═══ Exercise inputs ═══
definition global_minimizer ::
  "real \<Rightarrow> ('d::finite site \<Rightarrow> 'd config \<Rightarrow> real) \<Rightarrow> 'd config \<Rightarrow> bool" where
  "global_minimizer r S x \<longleftrightarrow>
     (\<forall>B y. finite B \<longrightarrow> (\<forall>i. i \<notin> interior_r B r \<longrightarrow> y i = 0) \<longrightarrow>
        W S B x \<le> W S B (\<lambda>i. x i + y i))"

definition perturbed :: "('d site \<Rightarrow> 'd config \<Rightarrow> real) \<Rightarrow> (real \<Rightarrow> real)
    \<Rightarrow> 'd site \<Rightarrow> 'd config \<Rightarrow> real" where
  "perturbed S V j x = S j x + V (x j)"

end

theory Submission
  imports Defs
begin

text \<open>
  Let F be a connected, strictly ordered, shift-invariant family of
  global minimizers of the perturbed potentials S j x + V (x j), with rotation vector
  \<omega> \<in> K.  Since F is connected and invariant under the shifts x \<mapsto> x + l, the
  coordinate x 0 takes every real value on F; pick x \<in> F with x 0 = \<xi>, where
  V \<xi> - V \<nu> is close to osc V.  Moving the single coordinate x 0 to a translate
  \<nu>' of \<nu> with |\<nu>' - x 0| \<le> 1 lowers the V-part of the local energy on
  ball1 0 r by V \<xi> - V \<nu>, while the S-part changes by at most a constant L: the
  elements of F are Birkhoff, so near the origin they stay within a bounded distance
  (controlled by the size of K) of x 0, and the bounded second derivatives (E) together
  with the lattice-translation invariance (B) bound the change of each S j uniformly.
  If osc V > L, this contradicts minimality.
\<close>

subsection \<open>Single-site changes of local functions with bounded second derivatives\<close>

lemma partial_eq: "has_partial f i x D \<Longrightarrow> partial i f x = D"
  unfolding partial_def has_partial_def
  by (rule the_equality) (auto intro: DERIV_unique)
═══
*Task item*
Please copy only the lines between the first line of the entries and the line with "elements of F", keeping those two end lines as well, exactly as written.

*Answer for this exercise*
definition global_minimizer ::
  "real \<Rightarrow> ('d::finite site \<Rightarrow> 'd config \<Rightarrow> real) \<Rightarrow> 'd config \<Rightarrow> bool" where
  "global_minimizer r S x \<longleftrightarrow>
     (\<forall>B y. finite B \<longrightarrow> (\<forall>i. i \<notin> interior_r B r \<longrightarrow> y i = 0) \<longrightarrow>
        W S B x \<le> W S B (\<lambda>i. x i + y i))"

definition perturbed :: "('d site \<Rightarrow> 'd config \<Rightarrow> real) \<Rightarrow> (real \<Rightarrow> real)
    \<Rightarrow> 'd site \<Rightarrow> 'd config \<Rightarrow> real" where
  "perturbed S V j x = S j x + V (x j)"

end

theory Submission
  imports Defs
begin

text \<open>
  Let F be a connected, strictly ordered, shift-invariant family of
  global minimizers of the perturbed potentials S j x + V (x j), with rotation vector
  \<omega> \<in> K.  Since F is connected and invariant under the shifts x \<mapsto> x + l, the
  coordinate x 0 takes every real value on F; pick x \<in> F with x 0 = \<xi>, where
  V \<xi> - V \<nu> is close to osc V.  Moving the single coordinate x 0 to a translate
  \<nu>' of \<nu> with |\<nu>' - x 0| \<le> 1 lowers the V-part of the local energy on
  ball1 0 r by V \<xi> - V \<nu>, while the S-part changes by at most a constant L: the
  elements of F are Birkhoff, so near the origin they stay within a bounded distance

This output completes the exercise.